Mais d'un commun accord, nous attendons le "bon moment"...

C'est devenu une habitude de se retrouver chez Hermione et Ron, pour manger ensemble et se raconter nos vies autour d'un bon repas.
Ce soir la conversation tourne d'un même sujet : Malefoy.

Qu'ils lui donnent le Baiser de la Mort sans passer par la case procès, s'emporte Ginny. Ron nous révèle sur le ton de la confidence des informations encore top secrètes qu'il a entendu de l'ami d'un ami qui travaille au Département proche de celui des Aurors.

Deux ans après la chute de Voldemort, si ses principaux soutiens ont été traduits en justice et punis, il reste encore quelques mangemorts éparpillés à travers le monde. Mais les arrestations restent rares. L'arrestation de Malefoy a fuité dans la presse, enfin quelque chose à se mettre sous la dent pour ces pseudo-journalistes.
Tandis que la conversation tourne en boucle sur le sujet, Hermione me demande de l'aide avec le dessert.

Je la suis dans la cuisine, elle coupe la tarte en parts et les dépose dans des assiettes mal assorties.

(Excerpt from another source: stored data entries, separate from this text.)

lemma sparse_grid_covers:
  fixes b :: "real^'p"
  assumes h: "0 < h" and bR: "\<And>j. \<bar>b $ j\<bar> \<le> R"
    and sparse: "card {j. b $ j \<noteq> 0} \<le> q" and q: "q \<le> CARD('p)"
  shows "\<exists>g \<in> sparse_grid q h R. norm (b - g) \<le> sqrt q * h / 2"
proof -
  let ?T = "{j. b $ j \<noteq> 0}"
  have "q - card ?T \<le> card (UNIV - ?T)" using q sparse by (simp add: card_Diff_subset)
  then obtain U where U: "U \<subseteq> UNIV - ?T" "card U = q - card ?T" "finite U"
    by (rule obtain_subset_with_card_n)
  define S where "S = ?T \<union> U"
  have card_S: "card S = q" unfolding S_def using U sparse by (subst card_Un_disjoint) auto
  define m where "m = (\<lambda>j. if j \<in> S then round (b $ j / h) else undefined)"
  have "m \<in> PiE S (\<lambda>_. {- \<lceil>R / h\<rceil>..\<lceil>R / h\<rceil>})"
  proof -
    have "round (b $ j / h) \<in> {- \<lceil>R / h\<rceil>..\<lceil>R / h\<rceil>}" for j
    proof -
      have "\<bar>b $ j / h\<bar> \<le> R / h" using bR h by (simp add: abs_divide divide_right_mono)
      then have "real_of_int \<bar>round (b $ j / h)\<bar> < real_of_int (\<lceil>R / h\<rceil> + 1)"
        using of_int_round_abs_le[of "b $ j / h"] le_of_int_ceiling[of "R / h"] by linarith
      then show ?thesis by simp linarith
    qed
    then show ?thesis unfolding m_def by auto
  qed
  then have g: "(\<chi> j. if j \<in> S then h * of_int (m j) else 0) \<in> sparse_grid q h R"
    unfolding sparse_grid_def using card_S by (intro image_eqI[where x = "(S, m)"]) auto
  have entry: "(b $ j - (if j \<in> S then h * of_int (m j) else 0))\<^sup>2 \<le> (if j \<in> S then (h / 2)\<^sup>2 else 0)" for j
  proof (cases "j \<in> S")
    case True
    have "\<bar>of_int (round (b $ j / h)) - b $ j / h\<bar> \<le> 1 / 2" by (rule of_int_round_abs_le)
    then have "\<bar>b $ j - h * of_int (m j)\<bar> \<le> h / 2"
      using h True unfolding m_def by (simp add: abs_minus_commute field_simps)
    then show ?thesis using True by (simp add: abs_le_square_iff[symmetric] power2_abs)
  qed (auto simp: S_def)
  have "norm (b - (\<chi> j. if j \<in> S then h * of_int (m j) else 0))
      \<le> sqrt (\<Sum>j\<in>UNIV. if j \<in> S then (h / 2)\<^sup>2 else 0)"
    unfolding norm_vec_def L2_set_def by (auto intro!: sum_mono entry)
  also have "\<dots> = sqrt q * h / 2" using card_S h by (simp add: sum.If_cases real_sqrt_mult)
  finally show ?thesis using g by blast
qed

lemma emp_loss_lipschitz:
  assumes "\<And>i. i < n \<Longrightarrow> \<bar>L b (zs i) - L g (zs i)\<bar> \<le> C (zs i) * norm (b - g)"
  shows "\<bar>emp_loss L n b zs - emp_loss L n g zs\<bar> \<le> (\<Sum>i<n. C (zs i)) / real n * norm (b - g)"
proof -
  have "\<bar>emp_loss L n b zs - emp_loss L n g zs\<bar> = \<bar>\<Sum>i<n. L b (zs i) - L g (zs i)\<bar> / real n"
    unfolding emp_loss_def by (simp add: sum_subtractf diff_divide_distrib[symmetric])
  also have "\<dots> \<le> (\<Sum>i<n. C (zs i) * norm (b - g)) / real n"
    by (intro divide_right_mono order.trans[OF sum_abs] sum_mono assms) auto
  finally show ?thesis by (simp add: sum_distrib_right)
qed

lemma uniform_weights_bernstein_scale:
  assumes "1 \<le> n"
  shows "sqrt (\<Sum>i<n. (1 / real n)\<^sup>2) * sqrt t + (MAX i\<in>{..<n}. \<bar>1 / real n\<bar>) * t
    = sqrt (t / n) + t / n"
proof -
  have "0 \<in> {..<n}" using assms by simp
  then have "(MAX i\<in>{..<n}. \<bar>1 / real n\<bar>) = 1 / real n"
    by (subst Max_const) auto
  moreover have "sqrt (\<Sum>i<n. (1 / real n)\<^sup>2) * sqrt t = sqrt (t / n)"
    using assms by (simp add: power2_eq_square real_sqrt_divide real_sqrt_mult)
  ultimately show ?thesis by simp
qed

lemma zeta1_bounds:
  fixes \<sigma>L C\<mu> R \<epsilon> :: real and p :: nat
  defines "X \<equiv> (\<sigma>L + C\<mu>) * R / \<epsilon>"
  assumes "1 \<le> \<sigma>L" "1 \<le> C\<mu>" "1 \<le> R" "0 < \<epsilon>" "\<epsilon> \<le> 1" "1 \<le> p"
  shows zeta1_scale_ge_two: "2 \<le> X"
    and exp_zeta1: "exp (zeta1 \<sigma>L C\<mu> p R \<epsilon>) = 3 * exp 1 * real p * X"
    and exp_neg_zeta1_le_half: "exp (- zeta1 \<sigma>L C\<mu> p R \<epsilon>) \<le> 1 / 2"
    and zeta1_pos: "0 < zeta1 \<sigma>L C\<mu> p R \<epsilon>"
proof -
  have "2 \<le> (\<sigma>L + C\<mu>) * R" using assms mult_mono[of 2 "\<sigma>L + C\<mu>" 1 R] by simp
  also have "\<dots> \<le> X" unfolding X_def using assms by (simp add: le_divide_eq mult_left_le)
  finally show X: "2 \<le> X" .
  have two: "2 \<le> 3 * exp 1 * real p * X"
    using X assms mult_mono[of 1 "exp 1" 1 "real p"] mult_mono[of 1 "exp 1 * real p" 2 X] by simp
  have ln: "zeta1 \<sigma>L C\<mu> p R \<epsilon> = ln (3 * exp 1 * real p * X)"
    unfolding zeta1_def X_def by (simp add: field_simps)
  then show "0 < zeta1 \<sigma>L C\<mu> p R \<epsilon>" using two by (simp add: ln_gt_zero)
  have "0 < 3 * exp 1 * real p * X" using two by linarith
  then show exp: "exp (zeta1 \<sigma>L C\<mu> p R \<epsilon>) = 3 * exp 1 * real p * X"
    unfolding ln by simp
  show "exp (- zeta1 \<sigma>L C\<mu> p R \<epsilon>) \<le> 1 / 2"
    unfolding exp_minus exp using two by (simp add: inverse_eq_divide field_simps)
qed

locale subexponential_loss = prob_space M
  for M :: "'o measure" and Z :: "nat \<Rightarrow> 'o \<Rightarrow> 'w" and W :: "'w set"
    and L :: "real^'p \<Rightarrow> 'w \<Rightarrow> real" and C :: "'w \<Rightarrow> real" and \<sigma> \<sigma>L C\<mu> c :: real +
  assumes support: "\<And>i \<omega>. \<omega> \<in> space M \<Longrightarrow> Z i \<omega> \<in> W"
    and c_pos: "0 < c"
    and \<sigma>_nonneg: "0 \<le> \<sigma>"
    and \<sigma>L_ge1: "1 \<le> \<sigma>L"
    and C\<mu>_ge1: "1 \<le> C\<mu>"
    and L_int: "\<And>b i. integrable M (\<lambda>\<omega>. L b (Z i \<omega>))"
    and L_bernstein: "\<And>b n (w :: nat \<Rightarrow> real) t. n \<ge> 1 \<Longrightarrow> t \<ge> 0 \<Longrightarrow>
        measure M {\<omega> \<in> space M.
           \<bar>\<Sum>i<n. w i * (L b (Z i \<omega>) - integral\<^sup>L M (\<lambda>\<omega>'. L b (Z i \<omega>')))\<bar>
             > \<sigma> * (sqrt (\<Sum>i<n. (w i)\<^sup>2) * sqrt t + (MAX i\<in>{..<n}. \<bar>w i\<bar>) * t)}
        \<le> 2 * exp (- c * t)"
    and C_nonneg: "\<And>z. C z \<ge> 0"
    and C_int: "\<And>i. integrable M (\<lambda>\<omega>. C (Z i \<omega>))"
    and C_mean: "\<And>i. integral\<^sup>L M (\<lambda>\<omega>. \<bar>C (Z i \<omega>)\<bar>) \<le> C\<mu>"
    and C_lip: "\<And>b1 b2 z. z \<in> W \<Longrightarrow> \<bar>L b1 z - L b2 z\<bar> \<le> C z * norm (b1 - b2)"
    and C_bernstein: "\<And>n (w :: nat \<Rightarrow> real) t. n \<ge> 1 \<Longrightarrow> t \<ge> 0 \<Longrightarrow>
        measure M {\<omega> \<in> space M.
           \<bar>\<Sum>i<n. w i * (C (Z i \<omega>) - integral\<^sup>L M (\<lambda>\<omega>'. C (Z i \<omega>')))\<bar>
             > \<sigma>L * (sqrt (\<Sum>i<n. (w i)\<^sup>2) * sqrt t + (MAX i\<in>{..<n}. \<bar>w i\<bar>) * t)}
        \<le> 2 * exp (- c * t)"
begin

definition dev_bound :: "nat \<Rightarrow> real \<Rightarrow> real" where
  "dev_bound n t = \<sigma> * (sqrt (t / n) + t / n)"

definition dev_event :: "nat \<Rightarrow> real^'p \<Rightarrow> real \<Rightarrow> 'o set" where
  "dev_event n b t = {\<omega> \<in> space M.
     dev_bound n t < \<bar>emp_loss L n b (\<lambda>i. Z i \<omega>) - pop_loss M L Z n b\<bar>}"

definition lipschitz_event :: "nat \<Rightarrow> 'o set" where
  "lipschitz_event n = {\<omega> \<in> space M. C\<mu> + 2 * \<sigma>L < (\<Sum>i<n. C (Z i \<omega>)) / n}"

lemma dev_bound_mono: "t \<le> t' \<Longrightarrow> dev_bound n t \<le> dev_bound n t'"
  unfolding dev_bound_def using \<sigma>_nonneg
  by (intro mult_left_mono add_mono real_sqrt_le_mono divide_right_mono) auto

lemma integrable_emp_loss: "integrable M (\<lambda>\<omega>. emp_loss L n b (\<lambda>i. Z i \<omega>))"
  unfolding emp_loss_def using L_int by auto

lemma emp_minus_pop_loss:
  "emp_loss L n b (\<lambda>i. Z i \<omega>) - pop_loss M L Z n b
     = (\<Sum>i<n. 1 / real n * (L b (Z i \<omega>) - integral\<^sup>L M (\<lambda>\<omega>'. L b (Z i \<omega>'))))"
  unfolding pop_loss_def emp_loss_def using L_int
  by (simp add: sum_subtractf diff_divide_distrib sum_divide_distrib[symmetric])

lemma dev_event_sets: "dev_event n b t \<in> sets M"
proof -
  have "(\<lambda>\<omega>. emp_loss L n b (\<lambda>i. Z i \<omega>)) \<in> borel_measurable M"
    using integrable_emp_loss by auto
  then show ?thesis unfolding dev_event_def by measurable
qed

lemma measure_dev_event:
  assumes "1 \<le> n" "0 \<le> t"
  shows "measure M (dev_event n b t) \<le> 2 * exp (- c * t)"
  using L_bernstein[where w = "\<lambda>_. 1 / real n", OF assms, of b]
  unfolding uniform_weights_bernstein_scale[OF assms(1)] dev_event_def dev_bound_def emp_minus_pop_loss .

lemma lipschitz_event_sets: "lipschitz_event n \<in> sets M"
proof -
  have "(\<lambda>\<omega>. C (Z i \<omega>)) \<in> borel_measurable M" for i using C_int by auto
  then show ?thesis unfolding lipschitz_event_def by measurable
qed

lemma measure_lipschitz_event:
  assumes n: "1 \<le> n"
  shows "measure M (lipschitz_event n) \<le> 2 * exp (- c * n)"
proof -
  let ?E = "{\<omega> \<in> space M. \<sigma>L * (sqrt (real n / n) + real n / n)
      < \<bar>\<Sum>i<n. 1 / real n * (C (Z i \<omega>) - integral\<^sup>L M (\<lambda>\<omega>'. C (Z i \<omega>')))\<bar>}"
  have "(\<Sum>i<n. integral\<^sup>L M (\<lambda>\<omega>. C (Z i \<omega>))) / n \<le> (\<Sum>i<n. C\<mu>) / n"
    using C_mean C_nonneg by (intro divide_right_mono sum_mono) auto
  then have mean: "(\<Sum>i<n. integral\<^sup>L M (\<lambda>\<omega>. C (Z i \<omega>))) / n \<le> C\<mu>" using n by simp
  have "lipschitz_event n \<subseteq> ?E"
  proof
    fix \<omega> assume "\<omega> \<in> lipschitz_event n"
    moreover have "(\<Sum>i<n. 1 / real n * (C (Z i \<omega>) - integral\<^sup>L M (\<lambda>\<omega>'. C (Z i \<omega>'))))
        = (\<Sum>i<n. C (Z i \<omega>)) / n - (\<Sum>i<n. integral\<^sup>L M (\<lambda>\<omega>. C (Z i \<omega>))) / n"
      by (simp add: sum_subtractf diff_divide_distrib sum_divide_distrib[symmetric])
    ultimately show "\<omega> \<in> ?E" using mean n unfolding lipschitz_event_def by auto
  qed
  moreover have "(\<lambda>\<omega>. C (Z i \<omega>)) \<in> borel_measurable M" for i using C_int by auto
  then have "?E \<in> sets M" by measurable
  ultimately have "measure M (lipschitz_event n) \<le> measure M ?E" by (rule finite_measure_mono)
  also have "\<dots> \<le> 2 * exp (- c * n)"
    using C_bernstein[where w = "\<lambda>_. 1 / real n", OF n, of n]
    unfolding uniform_weights_bernstein_scale[OF n] by simp
  finally show ?thesis .
qed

- Harry, il faut que je te dise quelque chose.

Je fronce les sourcils.

- C'est Malefoy. Son interrogatoire se passe mal, il n'est pas très coopératif. Il pourrait être muet comme une tombe comme la plupart des mangemorts, mais lui dit qu'il veut te voir. Il ne veut parler qu'avec toi. Shacklebot m'a demandé de te prévenir et que tu passes au Ministère dès que tu peux...
- Moi ? je croasse. Mais pourquoi ? Je veux dire, non ! Je ne vois pas pourquoi il me demande...
- Je n'en sais pas plus Harry.... tu peux passer aux premières heures demain ?

La soirée continue, mais mon cerveau est bloqué sur cette information. Il veut te voir.